How much different are we after all these decades from thinking of the patient as demonic or possessed? Or deserving of punishment for the sin of being ill? There is no reasoning with an unreasonable mind. When we are talking about the most seriously mentally ill or those with brain disorders like Schizophrenia, Bipolar Disorder, or Schizoaffective w/ Bipolar or Major Depression with Psychosis and possibly Anosognosia – we still criminalize, demean, and punish and neglect the needs of the patient effectively making them a "throw-away" segment of our population of no consequence.

This is not a "broken” mental healthcare system. A broken system implies that at some point it did indeed work or was "whole," and that somehow, someway it can be patched or repaired. It is not that there are too many "cracks" through which some small number of SMI may fall... We need to re-imagine and build a new system for the SMI/SBD that is inclusionary of the family members. What we have - is a completely splintered and fragmented system for the most seriously mentally ill with brain disorders in the United States of America.

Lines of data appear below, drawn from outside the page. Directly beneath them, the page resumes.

lemma orbit_polytope_full_dim_iff_orbit_support_pos:
  fixes S :: "(real^'n^'n) set"
  assumes "orth_subgroup S" and "finite S"
  shows "aff_dim (orbit_polytope S a) = CARD('n) \<longleftrightarrow> (\<forall>x\<in>sphere 0 1. 0 < orbit_support S a x)"
proof
  assume full: "aff_dim (orbit_polytope S a) = CARD('n)"
  show "\<forall>x\<in>sphere 0 1. 0 < orbit_support S a x"
  proof
    fix x :: "real^'n" assume "x \<in> sphere 0 1"
    then have "x \<noteq> 0" by auto
    with full show "0 < orbit_support S a x"
      by (rule orbit_support_pos_if_full_dim[OF assms])
  qed
next
  have "S \<noteq> {}"
    using orth_subgroup_one[OF assms(1)] by auto
  then show "\<forall>x\<in>sphere 0 1. 0 < orbit_support S a x \<Longrightarrow> aff_dim (orbit_polytope S a) = CARD('n)"
    by (rule full_dim_if_orbit_support_pos)
qed

lemma continuous_on_Max:
  fixes f :: "'i \<Rightarrow> 'a::topological_space \<Rightarrow> 'b::linorder_topology"
  assumes "finite I" "I \<noteq> {}" "\<And>i. i \<in> I \<Longrightarrow> continuous_on X (f i)"
  shows "continuous_on X (\<lambda>x. Max ((\<lambda>i. f i x) ` I))"
  using assms
proof (induction I rule: finite_ne_induct)
  case (insert i I)
  then show ?case
    by (simp add: continuous_on_max)
qed simp

lemma continuous_on_orbit_support:
  fixes S :: "(real^'n^'n) set"
  assumes "finite S" "S \<noteq> {}"
  shows "continuous_on X (\<lambda>p. orbit_support S (fst p) (snd p))"
  unfolding orbit_support_def
  by (intro continuous_on_Max assms continuous_intros linear_continuous_on
      bounded_linear_compose[OF matrix_vector_mul_bounded_linear bounded_linear_fst])

lemma abs_orbit_support_le_1:
  fixes S :: "(real^'n^'n) set"
  assumes G: "orth_subgroup S" and F: "finite S" and "a \<in> sphere 0 1" "x \<in> sphere 0 1"
  shows "\<bar>orbit_support S a x\<bar> \<le> 1"
proof -
  have "\<bar>(A *v a) \<bullet> x\<bar> \<le> 1" if "A \<in> S" for A
    using Cauchy_Schwarz_ineq2[of "A *v a" x] assms that
    by (simp add: orthogonal_matrix_norm orth_subgroup_orthogonal)
  moreover have "orbit_support S a x \<in> (\<lambda>A. (A *v a) \<bullet> x) ` S"
    unfolding orbit_support_def using F orth_subgroup_one[OF G] by (intro Max_in) auto
  ultimately show ?thesis by auto
qed
lemma not_in_Un_range_above_upd1:
  assumes "1 \<le> i" "i \<le> length W" "1 \<le> j" "j \<noteq> i"
    and not_fwd: "\<not> forward_stale R W (upd1 W i w) i j"
    and not_bwd: "\<not> backward_stale W (upd1 W i w) i j"
    and l: "l \<in> nth1 W j" "l \<notin> Un_range (upd1 W i w) (j + 1) (length W)"
  shows "l \<notin> w \<and> l \<notin> Un_range W (j + 1) (length W)"
proof -
  have W': "nth1 (upd1 W i w) k = (if k = i then w else nth1 W k)" if "1 \<le> k" for k
    using assms that by (simp add: nth1_upd1)
  have unwritten: "l \<notin> nth1 (upd1 W i w) k" if "j < k" "k \<le> length W" for k
    using l(2) that by (auto simp: in_Un_range)
  show ?thesis
  proof (cases "i < j")
    case True
    then have "l \<notin> w" using not_fwd l(1) W'[OF \<open>1 \<le> i\<close>] by (auto simp: forward_stale_def)
    moreover have "l \<notin> nth1 W k" if "j < k" "k \<le> length W" for k
      using unwritten[OF that] W'[of k] that True by auto
    ultimately show ?thesis by (auto simp: in_Un_range)
  next
    case False
    then have "j < i" using \<open>j \<noteq> i\<close> by linarith
    then have "l \<notin> w" using unwritten[of i] W'[OF \<open>1 \<le> i\<close>] assms(2) by auto
    have "l \<notin> nth1 W i"
    proof
      assume "l \<in> nth1 W i"
      have "backward_stale W (upd1 W i w) i j"
      proof (rule backward_staleI)
        show "l \<notin> nth1 (upd1 W i w) i" using \<open>l \<notin> w\<close> W'[OF \<open>1 \<le> i\<close>] by simp
        show "l \<notin> nth1 W k" if "j < k" "k < i" for k
          using unwritten[of k] W'[of k] that assms(2) by auto
      qed (use assms \<open>j < i\<close> \<open>l \<in> nth1 W i\<close> in auto)
      with not_bwd show False ..
    qed
    then have "l \<notin> nth1 W k" if "j < k" "k \<le> length W" for k
      using unwritten[OF that] W'[of k] that by (cases "k = i") auto
    with \<open>l \<notin> w\<close> show ?thesis by (auto simp: in_Un_range)
  qed
qed

lemma cell_wf_upd1:
  assumes ie: "instrumented_eval eval ieval"
    and wf: "cell_wf ieval c out \<Sigma> R W j"
    and "1 \<le> i" "i \<le> length W" "length R = length W" "1 \<le> j" "j \<le> length W" "j \<noteq> i"
    and frame: "\<And>l. l \<notin> w \<Longrightarrow> \<Sigma>' l = \<Sigma> l"
    and read_above: "r \<inter> Un_range W (i + 1) (length W) = {}"
    and write_below: "w \<inter> Un_range R 1 (i - 1) = {}"
    and not_fwd: "\<not> forward_stale R W (upd1 W i w) i j"
    and not_bwd: "\<not> backward_stale W (upd1 W i w) i j"
  shows "cell_wf ieval c out \<Sigma>' (upd1 R i r) (upd1 W i w) j"
proof -
  obtain \<Sigma>j where ev: "ieval c \<Sigma> out \<Sigma>j (nth1 R j) (nth1 W j)"
    and agree: "\<And>l. l \<notin> Un_range W (j + 1) (length W) \<Longrightarrow> \<Sigma> l = \<Sigma>j l"
    and rc: "rerun_consistent R W j"
    using wf unfolding cell_wf_def by blast
  have Rj: "nth1 (upd1 R i r) j = nth1 R j" and Wj: "nth1 (upd1 W i w) j = nth1 W j"
    using assms by (simp_all add: nth1_upd1)
  have fwd: "(nth1 W i \<union> w) \<inter> (nth1 R j \<union> nth1 W j) = {}" if "i < j"
    using not_fwd that assms by (simp add: forward_stale_def nth1_upd1)
  have below: "w \<inter> nth1 R j = {}" if "j < i"
    using write_below that \<open>1 \<le> j\<close> unfolding disjoint_iff in_Un_range by force
  have above: "r \<inter> nth1 W j = {}" if "i < j"
    using read_above that \<open>j \<le> length W\<close> unfolding disjoint_iff in_Un_range by force
  have reads_kept: "\<Sigma>' l = \<Sigma> l" if "l \<in> nth1 R j" for l
  proof (rule frame)
    show "l \<notin> w"
      using fwd below that \<open>j \<noteq> i\<close> by (cases "i < j") auto
  qed
  define \<Sigma>j' where "\<Sigma>j' = (\<lambda>l. if l \<in> nth1 W j then \<Sigma>j l else \<Sigma>' l)"
  have "ieval c \<Sigma>' out \<Sigma>j' (nth1 R j) (nth1 W j)"
    unfolding \<Sigma>j'_def using instrumented_eval_reuse[OF ie, OF ev reads_kept] .
  moreover have "\<Sigma>' l = \<Sigma>j' l" if "l \<notin> Un_range (upd1 W i w) (j + 1) (length W)" for l
  proof (cases "l \<in> nth1 W j")
    case True
    with that have "l \<notin> w \<and> l \<notin> Un_range W (j + 1) (length W)"
      using \<open>1 \<le> i\<close> \<open>i \<le> length W\<close> \<open>1 \<le> j\<close> \<open>j \<noteq> i\<close> not_fwd not_bwd
      by (intro not_in_Un_range_above_upd1)
    then show ?thesis using frame agree True by (simp add: \<Sigma>j'_def)
  qed (simp add: \<Sigma>j'_def)
  moreover have "rerun_consistent (upd1 R i r) (upd1 W i w) j"
    using rc \<open>1 \<le> i\<close> \<open>i \<le> length W\<close> \<open>length R = length W\<close> \<open>1 \<le> j\<close> \<open>j \<noteq> i\<close> fwd above below
    by (intro rerun_consistent_upd1) auto
  ultimately show ?thesis unfolding cell_wf_def Rj Wj length_upd1 by (intro exI[of _ \<Sigma>j']) blast
qed

lemma cell_wf_rerun:
  assumes ie: "instrumented_eval eval ieval"
    and ev: "ieval c \<Sigma> out \<Sigma>' (nth1 R i) (nth1 W i)"
    and rc: "rerun_consistent R W i"
  shows "cell_wf ieval c out \<Sigma>' R W i"
proof -
  have disj: "nth1 R i \<inter> nth1 W i = {}" using rc by (simp add: rerun_consistent_def Let_def)
  have "\<Sigma>' l = \<Sigma> l" if "l \<in> nth1 R i" for l
    using disj that instrumented_eval_frame[OF ie, OF ev, of l] by blast
  from instrumented_eval_reuse[OF ie, OF ev this] have "ieval c \<Sigma>' out \<Sigma>' (nth1 R i) (nth1 W i)"
    by simp
  with rc show ?thesis unfolding cell_wf_def by (intro exI[of _ \<Sigma>']) blast
qed

lemma nth1_del1: "1 \<le> i \<Longrightarrow> i \<le> length xs \<Longrightarrow> 1 \<le> j \<Longrightarrow> nth1 (del1 xs i) j = nth1 xs (ins_pos i j)"
  by (auto simp: nth1_def del1_def ins_pos_def nth_append min_def)

lemma cell_wf_del1_iff:
  assumes "1 \<le> i" "i \<le> length W" "length R = length W" "nth1 R i = {}" "nth1 W i = {}"
    and "1 \<le> j" "j < length W"
  shows "cell_wf ieval c out \<Sigma> (del1 R i) (del1 W i) j \<longleftrightarrow> cell_wf ieval c out \<Sigma> R W (ins_pos i j)"
proof -
  have "ins1 (del1 R i) i {} = R" "ins1 (del1 W i) i {} = W"
    using assms ins1_del1[of i R] ins1_del1[of i W] by simp_all
  moreover have "cell_wf ieval c out \<Sigma> (ins1 (del1 R i) i {}) (ins1 (del1 W i) i {}) (ins_pos i j) \<longleftrightarrow>
      cell_wf ieval c out \<Sigma> (del1 R i) (del1 W i) j"
    using assms by (intro cell_wf_ins1_empty_iff) auto
  ultimately show ?thesis by simp
qed

lemma well_formed_edit:
  assumes wf: "well_formed ieval (C, Out, \<Sigma>) (T, R, W)" and i: "1 \<le> i" "i \<le> length C"
  shows "well_formed ieval (upd1 C i c, Out, \<Sigma>) (upd1 T i Stale, R, W)"
proof -
  note len = well_formedD(1-4)[OF wf] and clean = well_formedD(5)[OF wf]
  have "cell_wf ieval (nth1 (upd1 C i c) j) (nth1 Out j) \<Sigma> R W j"
    if j: "1 \<le> j" "j \<le> length C" and clean_j: "nth1 (upd1 T i Stale) j = Clean" for j
  proof -
    have "j \<noteq> i" using clean_j i len by (auto simp: nth1_upd1)
    then show ?thesis using clean_j i j len clean by (simp add: nth1_upd1)
  qed
  then show ?thesis using len by (simp add: well_formed_iff)
qed

lemma well_formed_insert:
  assumes wf: "well_formed ieval (C, Out, \<Sigma>) (T, R, W)" and i: "1 \<le> i" "i \<le> length C + 1"
  shows "well_formed ieval (ins1 C i c, ins1 Out i out_bot, \<Sigma>)
    (ins1 T i Stale, ins1 R i {}, ins1 W i {})"
proof -
  note len = well_formedD(1-4)[OF wf] and clean = well_formedD(5)[OF wf]
  have "cell_wf ieval (nth1 (ins1 C i c) k) (nth1 (ins1 Out i out_bot) k) \<Sigma>
      (ins1 R i {}) (ins1 W i {}) k"
    if k: "1 \<le> k" "k \<le> length C + 1" and clean_k: "nth1 (ins1 T i Stale) k = Clean" for k
  proof -
    have "k \<noteq> i" using clean_k i len by (auto simp: nth1_ins1_same)
    then obtain j where j: "k = ins_pos i j" "1 \<le> j" "j \<le> length C"
      by (rule ins_pos_cases[OF i k])
    then have "cell_wf ieval (nth1 C j) (nth1 Out j) \<Sigma> R W j"
      using clean_k i len by (intro clean) (simp_all add: nth1_ins1_ins_pos)
    then show ?thesis
      using i j len by (simp add: nth1_ins1_ins_pos cell_wf_ins1_empty_iff)
  qed
  then show ?thesis using len by (simp add: well_formed_iff)
qed

lemma well_formed_delete:
  assumes ie: "instrumented_eval eval ieval"
    and wf: "well_formed ieval (C, Out, \<Sigma>) (T, R, W)" and i: "1 \<le> i" "i \<le> length C"
  defines "R'' \<equiv> upd1 R i {}" and "W'' \<equiv> upd1 W i {}"
  shows "well_formed ieval (del1 C i, del1 Out i, \<Sigma>)
    (del1 (retag T R W W'' i) i, del1 R'' i, del1 W'' i)"
proof -
  note len = well_formedD(1-4)[OF wf] and clean = well_formedD(5)[OF wf]
  have "cell_wf ieval (nth1 (del1 C i) j) (nth1 (del1 Out i) j) \<Sigma> (del1 R'' i) (del1 W'' i) j"
    if j: "1 \<le> j" "j \<le> length C - 1"
      and clean_j: "nth1 (del1 (retag T R W W'' i) i) j = Clean" for j
  proof -
    let ?k = "ins_pos i j"
    have k: "1 \<le> ?k" "?k \<le> length C" "?k \<noteq> i" using i j by (auto simp: ins_pos_def)
    have "nth1 (retag T R W W'' i) ?k = Clean" using clean_j i j len by (simp add: nth1_del1)
    then have "\<not> forward_stale R W W'' i ?k" "\<not> backward_stale W W'' i ?k" "nth1 T ?k = Clean"
      using k len by (simp_all add: nth1_retag split: if_splits)
    then have "cell_wf ieval (nth1 C ?k) (nth1 Out ?k) \<Sigma> R'' W'' ?k"
      unfolding R''_def W''_def
      by (intro cell_wf_upd1[OF ie clean[OF k(1,2)]]) (use i k len in auto)
    then show ?thesis
      using i j len by (simp add: nth1_del1 R''_def W''_def nth1_upd1 cell_wf_del1_iff)
  qed
  then show ?thesis using i len by (simp add: well_formed_iff R''_def W''_def)
qed

lemma well_formed_run:
  assumes ie: "instrumented_eval eval ieval"
    and wf: "well_formed ieval (C, Out, \<Sigma>) (T, R, W)" and i: "1 \<le> i" "i \<le> length C"
    and ev: "ieval (nth1 C i) \<Sigma> out \<Sigma>' r w"
    and rc: "rerun_consistent (upd1 R i r) (upd1 W i w) i"
  shows "well_formed ieval (C, upd1 Out i out, \<Sigma>')
    (upd1 (retag T R W (upd1 W i w) i) i Clean, upd1 R i r, upd1 W i w)"
proof -
  note len = well_formedD(1-4)[OF wf] and clean = well_formedD(5)[OF wf]
  have read_above: "r \<inter> Un_range W (i + 1) (length W) = {}"
    and write_below: "w \<inter> Un_range R 1 (i - 1) = {}"
    using rc i len by (simp_all add: rerun_consistent_def nth1_upd1 Un_range_upd1_outside)
  have "cell_wf ieval (nth1 C j) (nth1 (upd1 Out i out) j) \<Sigma>' (upd1 R i r) (upd1 W i w) j"
    if j: "1 \<le> j" "j \<le> length C"
      and clean_j: "nth1 (upd1 (retag T R W (upd1 W i w) i) i Clean) j = Clean" for j
  proof (cases "j = i")
    case True
    then show ?thesis
      using ie ev rc i len by (simp add: nth1_upd1 cell_wf_rerun)
  next
    case False
    have "\<not> forward_stale R W (upd1 W i w) i j" "\<not> backward_stale W (upd1 W i w) i j"
      "nth1 T j = Clean"
      using clean_j False i j len by (simp_all add: nth1_upd1 nth1_retag split: if_splits)
    then have "cell_wf ieval (nth1 C j) (nth1 Out j) \<Sigma>' (upd1 R i r) (upd1 W i w) j"
      by (intro cell_wf_upd1[OF ie clean[OF j]])
        (use False i j len read_above write_below instrumented_eval_frame[OF ie, OF ev] in auto)
    then show ?thesis using False i j len by (simp add: nth1_upd1)
  qed
  then show ?thesis using len by (simp add: well_formed_iff)
qed

theorem theorem1:
  fixes eval :: "'c \<Rightarrow> ('l \<Rightarrow> 'v) \<Rightarrow> 'o \<Rightarrow> ('l \<Rightarrow> 'v) \<Rightarrow> bool"
    and ieval :: "'c \<Rightarrow> ('l \<Rightarrow> 'v) \<Rightarrow> 'o \<Rightarrow> ('l \<Rightarrow> 'v) \<Rightarrow> 'l set \<Rightarrow> 'l set \<Rightarrow> bool"
    and bot :: 'o
    and op :: "'c nbop"
    and S S' :: "('c, 'o, 'l, 'v) nbstate"
    and I I' :: "'l instr"
  assumes "instrumented_eval eval ieval"
    and "well_formed ieval S I"
    and "nb_step ieval bot op S I S' I'"
  shows "well_formed ieval S' I'"
  using assms(3,2)
proof (induction rule: nb_step.induct)
  case step_run
  then show ?case by (simp add: well_formed_run[OF assms(1)])
next
  case step_edit
  then show ?case by (simp add: well_formed_edit)
next
  case step_insert
  then show ?case by (simp add: well_formed_insert)
next
  case step_delete
  then show ?case by (simp add: well_formed_delete[OF assms(1)])
qed blast+

end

We need to stop numbing acceptance of the status quo and demand that our lawmakers finish what was started in the 1950s. One aspect of the community-based treatment that is still missing is needed beds and community-based supervised housing with medical professionals. In hand with that is the need for the end of the IMD Exclusion, HIPAA reform for those with severe mental illness so that families can have input and receive information, LPS Conservatorship Reform to make it applicable to those with anosognosia and re-defining of the term, “Gravely disabled” to include medical necessity and a more sensible and consistent approach to the standard of determining what constitutes a danger to oneself or others.

Asked how many times and how many ways we can make lawmakers and others understand that the system is broken and shattered…and as the rallying cry of “we can do better” is heard - I say… as many times as it takes - and scream louder!

I have likened it to dropping a glass that shatters on my kitchen floor. I have to keep picking up the shards and slivers until they are all picked up or eventually I will still get cut and bleed. We are better than this! We must do better! Because there is no system but one of neglect - when 50% of the seriously mentally ill with brain disorders needs are just ignored. We owe it to those who need help – both the patient and their family.